Donkin feels the love of new sculpture



A new sculpture that works in tandem with the pyramid on the Donkin Reserve in Port Elizabeth has been erected with the aim of projecting love and unity.
The art installation that includes a mirror, running water and a stone to match those on the pyramid was built to both enrich the area and to provide the sound of water to the precinct – something which used to occur naturally but has not been heard in decades.
It was commissioned by Ummi Properties owner Ken Denton, who is developing and renovating large portions of Constitution Hill.
Celebrated Bay artist Louwrens Westraad’s latest work Thandani – which means to love – is on the corner of Athol Fugard Terrace and Donkin Street, on Constitutional Hill.
“My latest mixed-media and stone public sculpture reflects on the eternal existence of human relationships, perpetual progress and mythology.
“The construction phase included natural rocks and pebbles that I selected from various locations in the Bay and is a symbolic process representing a better life for the city’s residents and the country at large,” he said.
Westraad collected stones from Motherwell, Summerstrand, Malabar, Seaview and Helenvale, among other areas.
The project, which started in June, reached its completion this week but, as Westraad explained, the sculpture is a developing art piece and weighs about 30 tons.
“This belongs to the community,” he said.
“During the production process, I engaged a lot with people in the area and it made me realise how much people play a role in art spaces in the city.
“My idea or hope would be that people come here and use this fountain as a wishing pond and a space of reflection but instead of throwing in a coin, I would like people to place a pebble, perhaps from a differviewing ent part of the world or from their homes, to form part of this piece,” he said.
“I want people to form a relationship with the piece and become part of something in the city.”
Embedded on top of the sculpture sits a “confident and peaceful” woman figure, growing from the shadows.
The various alternative perspectives of the structures that surround her, celebrate women from all corners of the world.
Her features can be described as a combination of Khoi-Afro-Euro and Asian influences.
“The simple, universal narrative and intimate core of the Thandani public sculpture remains love, a place where anybody can wish for anything good to come true, be it under rainy, open blue skies or at night with twinkling stars above your head.
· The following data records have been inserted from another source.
(* Let $\mathcal{A}\subseteq\mathcal{B}$ be sub-$\sigma$-algebras of a complete probability space $(\Omega,\mathcal{F},P)$. If $M:L^+_\infty(\mathcal{B})\to L^+_\infty(\mathcal{A})$ is a weak $\mathcal{A}$-homogeneous, regular, monotone, sublinear operator, then $M$ is $\mathcal{A}$-homogeneous.
   Context: Weak $\mathcal{A}$-homogeneous: $M(1_AX)=1_AM(X)$ for all $A\in\mathcal{A}$, $X\in L^+_\infty(\mathcal{B})$. $\mathcal{A}$-homogeneous: $M(fX)=fM(X)$ for all $f\in L^+_\infty(\mathcal{A})$. Regular: $X_n\downarrow0$ a.s. implies $M(X_n)\to0$ a.s. Sublinear: $M(X+Y)\le M(X)+M(Y)$, $M(\lambda X)=\lambda M(X)$ for real $\lambda\ge0$. Monotone: $X\ge Y\Rightarrow M(X)\ge M(Y)$. *)

theory Defs
  imports "HOL-Probability.Probability"
begin

text \<open>Representatives of elements of L^+_infinity(N), where N is a sub-sigma-algebra
  (given as a measure with the same space) of the probability space F: N-measurable
  real functions that are F-a.e. nonnegative and F-essentially bounded.
  Elements of L^+_infinity are classes of such functions modulo F-a.e. equality.\<close>
definition Linf_pos :: "'a measure \<Rightarrow> 'a measure \<Rightarrow> ('a \<Rightarrow> real) \<Rightarrow> bool" where
  "Linf_pos F N X \<longleftrightarrow> X \<in> borel_measurable N \<and> (AE x in F. 0 \<le> X x)
     \<and> (\<exists>c. AE x in F. X x \<le> c)"

end

theory Submission
  imports Defs
begin

text \<open>On the \<A>-measurable set where \<open>k/N \<le> f < (k+1)/N\<close>, weak homogeneity
  localises monotonicity, so positive homogeneity squeezes \<open>M (f X)\<close> between
  \<open>(k/N) M X\<close> and \<open>((k+1)/N) M X\<close>. These countably many sets cover the space for every
  \<open>N\<close>, hence a.e. \<open>\<bar>M (f X) - f M X\<bar> \<le> M X / N\<close> for all \<open>N\<close> simultaneously.
  Because the comparison is pointwise a.e. on each set, no summation over the partition is
  needed.\<close>

lemma Linf_pos_mult:
  assumes X: "Linf_pos F N X" and g: "g \<in> borel_measurable N"
    and g_nonneg: "AE x in F. 0 \<le> g x" and g_bounded: "AE x in F. g x \<le> c"
  shows "Linf_pos F N (\<lambda>y. g y * X y)"
proof -
  from X obtain d where d: "AE x in F. X x \<le> d" and X_nonneg: "AE x in F. 0 \<le> X x"
    and X_meas: "X \<in> borel_measurable N"
    unfolding Linf_pos_def by blast
  have "AE x in F. g x * X x \<le> max c 0 * max d 0"
    using d X_nonneg g_nonneg g_bounded by eventually_elim (intro mult_mono, auto)
  moreover have "AE x in F. 0 \<le> g x * X x"
    using X_nonneg g_nonneg by eventually_elim auto
  moreover have "(\<lambda>y. g y * X y) \<in> borel_measurable N"
    using X_meas g by measurable
  ultimately show ?thesis
    unfolding Linf_pos_def by blast
qed

lemma Linf_pos_const_mult:
  "Linf_pos F N X \<Longrightarrow> 0 \<le> c \<Longrightarrow> Linf_pos F N (\<lambda>y. c * X y)"
  by (rule Linf_pos_mult[of _ _ _ _ c]) auto

lemma Linf_pos_indicator_mult:
  "Linf_pos F N X \<Longrightarrow> A \<in> sets N \<Longrightarrow> Linf_pos F N (\<lambda>y. indicator A y * X y)"
  by (rule Linf_pos_mult[of _ _ _ _ 1]) (auto simp: indicator_def)

lemma eq_mult_if_grid_bounds:
  fixes t m v :: real
  assumes t_nonneg: "0 \<le> t" and m_nonneg: "0 \<le> m"
    and grid: "\<And>n k. real k / real (Suc n) \<le> t \<Longrightarrow> t < (real k + 1) / real (Suc n) \<Longrightarrow>
      real k / real (Suc n) * m \<le> v \<and> v \<le> (real k + 1) / real (Suc n) * m"
  shows "v = t * m"
proof -
  have bound: "\<bar>v - t * m\<bar> \<le> m * inverse (real (Suc n))" for n
  proof -
    define k where "k = nat \<lfloor>real (Suc n) * t\<rfloor>"
    have "real k = of_int \<lfloor>real (Suc n) * t\<rfloor>"
      unfolding k_def using t_nonneg by simp
    then have "real k \<le> real (Suc n) * t" "real (Suc n) * t < real k + 1"
      by linarith+
    then have lower: "real k / real (Suc n) \<le> t" and upper: "t < (real k + 1) / real (Suc n)"
      by (simp_all add: field_simps)
    have "(real k + 1) / real (Suc n) = real k / real (Suc n) + inverse (real (Suc n))"
      by (simp add: field_simps)
    with grid[OF lower upper] mult_right_mono[OF lower m_nonneg]
      mult_right_mono[OF less_imp_le[OF upper] m_nonneg]
    show ?thesis
      by (simp only:) (simp add: algebra_simps abs_le_iff)
  qed
  have "(\<lambda>n. m * inverse (real (Suc n))) \<longlonglongrightarrow> 0"
    using tendsto_mult[OF tendsto_const LIMSEQ_inverse_real_of_nat, of m] by simp
  then have "\<bar>v - t * m\<bar> \<le> 0"
    by (rule LIMSEQ_le_const) (use bound in auto)
  then show ?thesis
    by simp
qed

locale weakly_homogeneous_operator =
  fixes F \<A> \<B> :: "'a measure"
    and M :: "('a \<Rightarrow> real) \<Rightarrow> ('a \<Rightarrow> real)"
  assumes subB: "subalgebra F \<B>"
    and subA: "subalgebra \<B> \<A>"
    and maps: "\<And>X. Linf_pos F \<B> X \<Longrightarrow> Linf_pos F \<A> (M X)"
    and weak_hom: "\<And>A X. A \<in> sets \<A> \<Longrightarrow> Linf_pos F \<B> X \<Longrightarrow>
        (AE x in F. M (\<lambda>y. indicator A y * X y) x = indicator A x * M X x)"
    and mono: "\<And>X Y. Linf_pos F \<B> X \<Longrightarrow> Linf_pos F \<B> Y \<Longrightarrow>
        (AE x in F. Y x \<le> X x) \<Longrightarrow> (AE x in F. M Y x \<le> M X x)"
    and pos_hom: "\<And>X (c::real). Linf_pos F \<B> X \<Longrightarrow> 0 \<le> c \<Longrightarrow>
        (AE x in F. M (\<lambda>y. c * X y) x = c * M X x)"
begin

lemma sets_\<A>_subset_\<B>: "sets \<A> \<subseteq> sets \<B>"
  using subA unfolding subalgebra_def by auto

lemma space_\<A>: "space \<A> = space F"
  using subA subB unfolding subalgebra_def by auto

lemma M_nonneg: "Linf_pos F \<B> X \<Longrightarrow> AE x in F. 0 \<le> M X x"
  using maps unfolding Linf_pos_def by blast

lemma mono_on:
  assumes A: "A \<in> sets \<A>" and Y: "Linf_pos F \<B> Y" and Z: "Linf_pos F \<B> Z"
    and le: "AE x in F. x \<in> A \<longrightarrow> Y x \<le> Z x"
  shows "AE x in F. x \<in> A \<longrightarrow> M Y x \<le> M Z x"
proof -
  have A_\<B>: "A \<in> sets \<B>"
    using A sets_\<A>_subset_\<B> by blast
  have "AE x in F. M (\<lambda>y. indicator A y * Y y) x \<le> M (\<lambda>y. indicator A y * Z y) x"
    using le by (intro mono Linf_pos_indicator_mult Y Z A_\<B>)
      (auto elim!: eventually_mono simp: indicator_def)
  with weak_hom[OF A Y] weak_hom[OF A Z] show ?thesis
    by eventually_elim (auto simp: indicator_def)
qed

lemma mult_bounds_on:
  assumes f: "Linf_pos F \<A> f" and X: "Linf_pos F \<B> X" and A: "A \<in> sets \<A>"
    and a: "0 \<le> a" and ab: "a \<le> b" and f_between: "\<And>x. x \<in> A \<Longrightarrow> a \<le> f x \<and> f x \<le> b"
  shows "AE x in F. x \<in> A \<longrightarrow> a * M X x \<le> M (\<lambda>y. f y * X y) x \<and>
    M (\<lambda>y. f y * X y) x \<le> b * M X x"
proof -
  have "f \<in> borel_measurable \<B>"
    using f measurable_from_subalg[OF subA] unfolding Linf_pos_def by blast
  moreover obtain c where "AE x in F. f x \<le> c"
    using f unfolding Linf_pos_def by blast
  ultimately have fX: "Linf_pos F \<B> (\<lambda>y. f y * X y)"
    using f X unfolding Linf_pos_def[of F \<A>] by (blast intro: Linf_pos_mult)
  have X_nonneg: "AE x in F. 0 \<le> X x"
    using X unfolding Linf_pos_def by blast
  have "AE x in F. x \<in> A \<longrightarrow> M (\<lambda>y. a * X y) x \<le> M (\<lambda>y. f y * X y) x"
    using X_nonneg f_between
    by (intro mono_on A fX Linf_pos_const_mult X a) (auto elim!: eventually_mono intro: mult_right_mono)
  moreover have "AE x in F. x \<in> A \<longrightarrow> M (\<lambda>y. f y * X y) x \<le> M (\<lambda>y. b * X y) x"
    using X_nonneg f_between a ab
    by (intro mono_on A fX Linf_pos_const_mult X) (auto elim!: eventually_mono intro: mult_right_mono)
  moreover have "AE x in F. M (\<lambda>y. b * X y) x = b * M X x"
    using a ab by (intro pos_hom X) simp
  ultimately show ?thesis
    using pos_hom[OF X a] by eventually_elim auto
qed

theorem homogeneous:
  assumes f: "Linf_pos F \<A> f" and X: "Linf_pos F \<B> X"
  shows "AE x in F. M (\<lambda>y. f y * X y) x = f x * M X x"
proof -
  define cell where
    "cell n k = {x \<in> space \<A>. real k / real (Suc n) \<le> f x \<and> f x < (real k + 1) / real (Suc n)}"
    for n k :: nat
  have "f \<in> borel_measurable \<A>"
    using f unfolding Linf_pos_def by blast
  then have "cell n k \<in> sets \<A>" for n k
    unfolding cell_def by measurable
  then have "AE x in F. x \<in> cell n k \<longrightarrow>
      real k / real (Suc n) * M X x \<le> M (\<lambda>y. f y * X y) x \<and>
      M (\<lambda>y. f y * X y) x \<le> (real k + 1) / real (Suc n) * M X x" for n k
    by (rule mult_bounds_on[OF f X]) (auto simp: cell_def divide_right_mono)
  then have "AE x in F. \<forall>n k. x \<in> cell n k \<longrightarrow>
      real k / real (Suc n) * M X x \<le> M (\<lambda>y. f y * X y) x \<and>
      M (\<lambda>y. f y * X y) x \<le> (real k + 1) / real (Suc n) * M X x"
    by (simp add: AE_all_countable)
  moreover have "AE x in F. 0 \<le> f x"
    using f unfolding Linf_pos_def by blast
  ultimately show ?thesis
    using M_nonneg[OF X] AE_space
    by eventually_elim (rule eq_mult_if_grid_bounds, auto simp: cell_def space_\<A>)
qed

end

theorem lemma3p6:
  fixes F \<A> \<B> :: "'a measure"
    and M :: "('a \<Rightarrow> real) \<Rightarrow> ('a \<Rightarrow> real)"
  assumes prob: "prob_space F"
    and complete: "complete_measure F"
    and subB: "subalgebra F \<B>"
    and subA: "subalgebra \<B> \<A>"
    \<comment> \<open>M is a well-defined map L^+_inf(B) -> L^+_inf(A) on a.e.-classes\<close>
    and maps: "\<And>X. Linf_pos F \<B> X \<Longrightarrow> Linf_pos F \<A> (M X)"
    and welldef: "\<And>X Y. Linf_pos F \<B> X \<Longrightarrow> Linf_pos F \<B> Y \<Longrightarrow>
        (AE x in F. X x = Y x) \<Longrightarrow> (AE x in F. M X x = M Y x)"
    \<comment> \<open>weak A-homogeneity\<close>
    and weak_hom: "\<And>A X. A \<in> sets \<A> \<Longrightarrow> Linf_pos F \<B> X \<Longrightarrow>
        (AE x in F. M (\<lambda>y. indicator A y * X y) x = indicator A x * M X x)"
    \<comment> \<open>regularity\<close>
    and regular: "\<And>Xs. (\<And>n. Linf_pos F \<B> (Xs n)) \<Longrightarrow>
        (AE x in F. (\<forall>n. Xs (Suc n) x \<le> Xs n x) \<and> (\<lambda>n. Xs n x) \<longlonglongrightarrow> 0) \<Longrightarrow>
        (AE x in F. (\<lambda>n. M (Xs n) x) \<longlonglongrightarrow> 0)"
    \<comment> \<open>monotonicity\<close>
    and mono: "\<And>X Y. Linf_pos F \<B> X \<Longrightarrow> Linf_pos F \<B> Y \<Longrightarrow>
        (AE x in F. Y x \<le> X x) \<Longrightarrow> (AE x in F. M Y x \<le> M X x)"
    \<comment> \<open>sublinearity\<close>
    and subadd: "\<And>X Y. Linf_pos F \<B> X \<Longrightarrow> Linf_pos F \<B> Y \<Longrightarrow>
        (AE x in F. M (\<lambda>y. X y + Y y) x \<le> M X x + M Y x)"
    and pos_hom: "\<And>X (c::real). Linf_pos F \<B> X \<Longrightarrow> 0 \<le> c \<Longrightarrow>
        (AE x in F. M (\<lambda>y. c * X y) x = c * M X x)"
  shows "\<And>f X. Linf_pos F \<A> f \<Longrightarrow> Linf_pos F \<B> X \<Longrightarrow>
        (AE x in F. M (\<lambda>y. f y * X y) x = f x * M X x)"
proof -
  interpret weakly_homogeneous_operator F \<A> \<B> M
    using subB subA maps weak_hom mono pos_hom by unfold_locales
  show "\<And>f X. Linf_pos F \<A> f \<Longrightarrow> Linf_pos F \<B> X \<Longrightarrow>
      (AE x in F. M (\<lambda>y. f y * X y) x = f x * M X x)"
    by (rule homogeneous)
qed

end
(* Let $p$ be a prime and $1\le k\le\nu$ integers, and assume that $p$ is odd, or that $p=2$ and $k\ge 2$. Let $\Omega_p^{k,\nu}:=\ker\big((\mathbb{Z}/p^\nu\mathbb{Z})^\times\to(\mathbb{Z}/p^k\mathbb{Z})^\times\big)=\{1+\beta p^k:\beta\in\mathbb{Z}/p^\nu\mathbb{Z}\}$, acting on $\mathbb{Z}/p^\nu\mathbb{Z}$ by multiplication. Then $$H^1(\Omega_p^{k,\nu},\mathbb{Z}/p^\nu\mathbb{Z})=0=H^2(\Omega_p^{k,\nu},\mathbb{Z}/p^\nu\mathbb{Z}).$$
   Context: Group cohomology of the finite group $\Omega_p^{k,\nu}$. *)

theory Defs
  imports "HOL-Number_Theory.Number_Theory"
begin

text \<open>Group cohomology in degrees 1 and 2 via inhomogeneous cochains, for a finite
group G (carrier set with multiplication mul) acting on the module Z/NZ, represented
by the integers 0..N-1 with addition mod N; act g m is the action.\<close>

definition ZN :: "int \<Rightarrow> int set" where
  "ZN N = {0..<N}"

definition cochains1 :: "'g set \<Rightarrow> int \<Rightarrow> ('g \<Rightarrow> int) set" where
  "cochains1 G N = {f. (\<forall>g. g \<notin> G \<longrightarrow> f g = 0) \<and> (\<forall>g\<in>G. f g \<in> ZN N)}"

definition cochains2 :: "'g set \<Rightarrow> int \<Rightarrow> ('g \<Rightarrow> 'g \<Rightarrow> int) set" where
  "cochains2 G N = {c. (\<forall>g h. \<not> (g \<in> G \<and> h \<in> G) \<longrightarrow> c g h = 0)
                       \<and> (\<forall>g\<in>G. \<forall>h\<in>G. c g h \<in> ZN N)}"

definition cocycles1 :: "'g set \<Rightarrow> ('g \<Rightarrow> 'g \<Rightarrow> 'g) \<Rightarrow> ('g \<Rightarrow> int \<Rightarrow> int) \<Rightarrow> int \<Rightarrow> ('g \<Rightarrow> int) set" where
  "cocycles1 G mul act N = {f \<in> cochains1 G N.
      \<forall>g\<in>G. \<forall>h\<in>G. (act g (f h) - f (mul g h) + f g) mod N = 0}"

definition coboundaries1 :: "'g set \<Rightarrow> ('g \<Rightarrow> 'g \<Rightarrow> 'g) \<Rightarrow> ('g \<Rightarrow> int \<Rightarrow> int) \<Rightarrow> int \<Rightarrow> ('g \<Rightarrow> int) set" where
  "coboundaries1 G mul act N = {f \<in> cochains1 G N.
      \<exists>m\<in>ZN N. \<forall>g\<in>G. f g = (act g m - m) mod N}"

definition cocycles2 :: "'g set \<Rightarrow> ('g \<Rightarrow> 'g \<Rightarrow> 'g) \<Rightarrow> ('g \<Rightarrow> int \<Rightarrow> int) \<Rightarrow> int \<Rightarrow> ('g \<Rightarrow> 'g \<Rightarrow> int) set" where
  "cocycles2 G mul act N = {c \<in> cochains2 G N.
      \<forall>g\<in>G. \<forall>h\<in>G. \<forall>l\<in>G.
        (act g (c h l) - c (mul g h) l + c g (mul h l) - c g h) mod N = 0}"

definition coboundaries2 :: "'g set \<Rightarrow> ('g \<Rightarrow> 'g \<Rightarrow> 'g) \<Rightarrow> ('g \<Rightarrow> int \<Rightarrow> int) \<Rightarrow> int \<Rightarrow> ('g \<Rightarrow> 'g \<Rightarrow> int) set" where
  "coboundaries2 G mul act N = {c \<in> cochains2 G N.
      \<exists>b\<in>cochains1 G N. \<forall>g\<in>G. \<forall>h\<in>G. c g h = (act g (b h) - b (mul g h) + b g) mod N}"

definition H1_vanishes :: "'g set \<Rightarrow> ('g \<Rightarrow> 'g \<Rightarrow> 'g) \<Rightarrow> ('g \<Rightarrow> int \<Rightarrow> int) \<Rightarrow> int \<Rightarrow> bool" where
  "H1_vanishes G mul act N \<longleftrightarrow> cocycles1 G mul act N \<subseteq> coboundaries1 G mul act N"

definition H2_vanishes :: "'g set \<Rightarrow> ('g \<Rightarrow> 'g \<Rightarrow> 'g) \<Rightarrow> ('g \<Rightarrow> int \<Rightarrow> int) \<Rightarrow> int \<Rightarrow> bool" where
  "H2_vanishes G mul act N \<longleftrightarrow> cocycles2 G mul act N \<subseteq> coboundaries2 G mul act N"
“I had a tough time coming up with this concept because I didn’t create it for a particular person or thing but love has a larger meaning for everyone and it made me realise there’s always a place for love and it is very necessary.”
He said the artwork also includes two historic reminders more than a century and-a-half since Sir Rufane Donkin built the Donkin stone pyramid – a “love” stone sculpture at the top entrance of the Donkin – and secondly the sound of water running once again in the precinct.
The pre-designed atmospheric LED lights components can be viewed every day of the week from 5pm to midnight.
Westraad’s other large-scale sculptures in the Bay include the 7m-high Ujiva (which means dance) at the Baywest Mall and the popular 8m-long New Horizon metal oxen and wagon artwork, also in the Donkin precinct.
He is in pre-production phase of more large-scale sculptures, both locally and internationally.